(Items from a dataset)

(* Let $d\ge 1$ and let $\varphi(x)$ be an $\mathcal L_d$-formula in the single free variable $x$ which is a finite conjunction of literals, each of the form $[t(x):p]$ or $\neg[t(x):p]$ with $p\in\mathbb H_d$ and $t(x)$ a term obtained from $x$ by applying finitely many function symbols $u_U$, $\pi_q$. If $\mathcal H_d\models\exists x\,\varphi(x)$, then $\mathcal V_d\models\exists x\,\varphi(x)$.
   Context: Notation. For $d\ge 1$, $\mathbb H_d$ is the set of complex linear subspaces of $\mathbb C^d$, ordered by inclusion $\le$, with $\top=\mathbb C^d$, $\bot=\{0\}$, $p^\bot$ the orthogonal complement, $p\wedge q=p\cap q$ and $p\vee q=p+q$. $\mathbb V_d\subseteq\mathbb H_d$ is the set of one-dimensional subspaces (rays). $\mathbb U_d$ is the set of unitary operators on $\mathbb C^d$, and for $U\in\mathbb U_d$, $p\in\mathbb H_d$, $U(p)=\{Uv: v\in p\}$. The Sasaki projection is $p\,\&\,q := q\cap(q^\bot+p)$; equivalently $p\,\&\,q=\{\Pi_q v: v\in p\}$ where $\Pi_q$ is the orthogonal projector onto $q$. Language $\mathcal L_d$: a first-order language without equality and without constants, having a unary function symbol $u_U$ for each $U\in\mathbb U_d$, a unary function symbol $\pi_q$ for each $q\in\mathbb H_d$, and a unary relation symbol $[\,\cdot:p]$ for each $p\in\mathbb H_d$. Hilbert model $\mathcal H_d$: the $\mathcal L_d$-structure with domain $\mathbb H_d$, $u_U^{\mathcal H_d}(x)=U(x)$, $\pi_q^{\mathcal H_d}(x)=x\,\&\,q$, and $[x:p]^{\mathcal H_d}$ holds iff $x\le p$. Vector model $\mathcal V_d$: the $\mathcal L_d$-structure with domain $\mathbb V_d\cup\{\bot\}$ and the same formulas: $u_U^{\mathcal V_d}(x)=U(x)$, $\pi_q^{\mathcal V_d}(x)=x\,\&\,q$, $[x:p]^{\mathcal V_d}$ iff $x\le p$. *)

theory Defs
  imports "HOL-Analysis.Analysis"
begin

*WORK TO BE COMPLETED*
Once you have read the records above, write them out again exactly.

*RESULT BELOW*
(* Let $d\ge 1$ and let $\varphi(x)$ be an $\mathcal L_d$-formula in the single free variable $x$ which is a finite conjunction of literals, each of the form $[t(x):p]$ or $\neg[t(x):p]$ with $p\in\mathbb H_d$ and $t(x)$ a term obtained from $x$ by applying finitely many function symbols $u_U$, $\pi_q$. If $\mathcal H_d\models\exists x\,\varphi(x)$, then $\mathcal V_d\models\exists x\,\varphi(x)$.
   Context: Notation. For $d\ge 1$, $\mathbb H_d$ is the set of complex linear subspaces of $\mathbb C^d$, ordered by inclusion $\le$, with $\top=\mathbb C^d$, $\bot=\{0\}$, $p^\bot$ the orthogonal complement, $p\wedge q=p\cap q$ and $p\vee q=p+q$. $\mathbb V_d\subseteq\mathbb H_d$ is the set of one-dimensional subspaces (rays). $\mathbb U_d$ is the set of unitary operators on $\mathbb C^d$, and for $U\in\mathbb U_d$, $p\in\mathbb H_d$, $U(p)=\{Uv: v\in p\}$. The Sasaki projection is $p\,\&\,q := q\cap(q^\bot+p)$; equivalently $p\,\&\,q=\{\Pi_q v: v\in p\}$ where $\Pi_q$ is the orthogonal projector onto $q$. Language $\mathcal L_d$: a first-order language without equality and without constants, having a unary function symbol $u_U$ for each $U\in\mathbb U_d$, a unary function symbol $\pi_q$ for each $q\in\mathbb H_d$, and a unary relation symbol $[\,\cdot:p]$ for each $p\in\mathbb H_d$. Hilbert model $\mathcal H_d$: the $\mathcal L_d$-structure with domain $\mathbb H_d$, $u_U^{\mathcal H_d}(x)=U(x)$, $\pi_q^{\mathcal H_d}(x)=x\,\&\,q$, and $[x:p]^{\mathcal H_d}$ holds iff $x\le p$. Vector model $\mathcal V_d$: the $\mathcal L_d$-structure with domain $\mathbb V_d\cup\{\bot\}$ and the same formulas: $u_U^{\mathcal V_d}(x)=U(x)$, $\pi_q^{\mathcal V_d}(x)=x\,\&\,q$, $[x:p]^{\mathcal V_d}$ iff $x\le p$. *)

theory Defs
  imports "HOL-Analysis.Analysis"
begin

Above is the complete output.